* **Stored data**
definition cyclically_monotone :: "('a::euclidean_space \<times> 'a) set \<Rightarrow> bool" where
  "cyclically_monotone R \<longleftrightarrow>
     (\<forall>N::nat. \<forall>u y :: nat \<Rightarrow> 'a. N \<ge> 1 \<longrightarrow> (\<forall>j\<in>{1..N}. (u j, y j) \<in> R) \<longrightarrow> u 0 = u N \<longrightarrow>
        (\<Sum>j=1..N. y j \<bullet> (u j - u (j - 1))) \<ge> 0)"

definition maximal_cyclically_monotone :: "('a::euclidean_space \<times> 'a) set \<Rightarrow> bool" where
  "maximal_cyclically_monotone R \<longleftrightarrow> cyclically_monotone R \<and>
     (\<forall>R'. cyclically_monotone R' \<and> R \<subseteq> R' \<longrightarrow> R' = R)"

definition epigraph :: "('a \<Rightarrow> ereal) \<Rightarrow> ('a \<times> real) set" where
  "epigraph K = {(x, r). K x \<le> ereal r}"

definition proper_fun :: "('a \<Rightarrow> ereal) \<Rightarrow> bool" where
  "proper_fun K \<longleftrightarrow> (\<forall>x. K x \<noteq> -\<infinity>) \<and> (\<exists>x. K x \<noteq> \<infinity>)"

definition closed_proper_convex :: "('a::euclidean_space \<Rightarrow> ereal) \<Rightarrow> bool" where
  "closed_proper_convex K \<longleftrightarrow> proper_fun K \<and> convex (epigraph K) \<and> closed (epigraph K)"

definition subdifferential :: "('a::euclidean_space \<Rightarrow> ereal) \<Rightarrow> ('a \<times> 'a) set" where
  "subdifferential K = {(u, y). K u \<noteq> \<infinity> \<and> (\<forall>v. K v \<ge> K u + ereal (y \<bullet> (v - u)))}"

definition conjugate :: "('a::euclidean_space \<Rightarrow> ereal) \<Rightarrow> 'a \<Rightarrow> ereal" where
  "conjugate K y = (SUP u. ereal (y \<bullet> u) - K u)"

* **WORK REQUEST**
One inclusive range is required: first line of the data through the line containing "('a \<times> 'a)". Set it down exactly and output nothing else.

* **TASK OUTPUT**
definition cyclically_monotone :: "('a::euclidean_space \<times> 'a) set \<Rightarrow> bool" where
  "cyclically_monotone R \<longleftrightarrow>
     (\<forall>N::nat. \<forall>u y :: nat \<Rightarrow> 'a. N \<ge> 1 \<longrightarrow> (\<forall>j\<in>{1..N}. (u j, y j) \<in> R) \<longrightarrow> u 0 = u N \<longrightarrow>
        (\<Sum>j=1..N. y j \<bullet> (u j - u (j - 1))) \<ge> 0)"

definition maximal_cyclically_monotone :: "('a::euclidean_space \<times> 'a) set \<Rightarrow> bool" where
  "maximal_cyclically_monotone R \<longleftrightarrow> cyclically_monotone R \<and>
     (\<forall>R'. cyclically_monotone R' \<and> R \<subseteq> R' \<longrightarrow> R' = R)"

definition epigraph :: "('a \<Rightarrow> ereal) \<Rightarrow> ('a \<times> real) set" where
  "epigraph K = {(x, r). K x \<le> ereal r}"

definition proper_fun :: "('a \<Rightarrow> ereal) \<Rightarrow> bool" where
  "proper_fun K \<longleftrightarrow> (\<forall>x. K x \<noteq> -\<infinity>) \<and> (\<exists>x. K x \<noteq> \<infinity>)"

definition closed_proper_convex :: "('a::euclidean_space \<Rightarrow> ereal) \<Rightarrow> bool" where
  "closed_proper_convex K \<longleftrightarrow> proper_fun K \<and> convex (epigraph K) \<and> closed (epigraph K)"

definition subdifferential :: "('a::euclidean_space \<Rightarrow> ereal) \<Rightarrow> ('a \<times> 'a) set" where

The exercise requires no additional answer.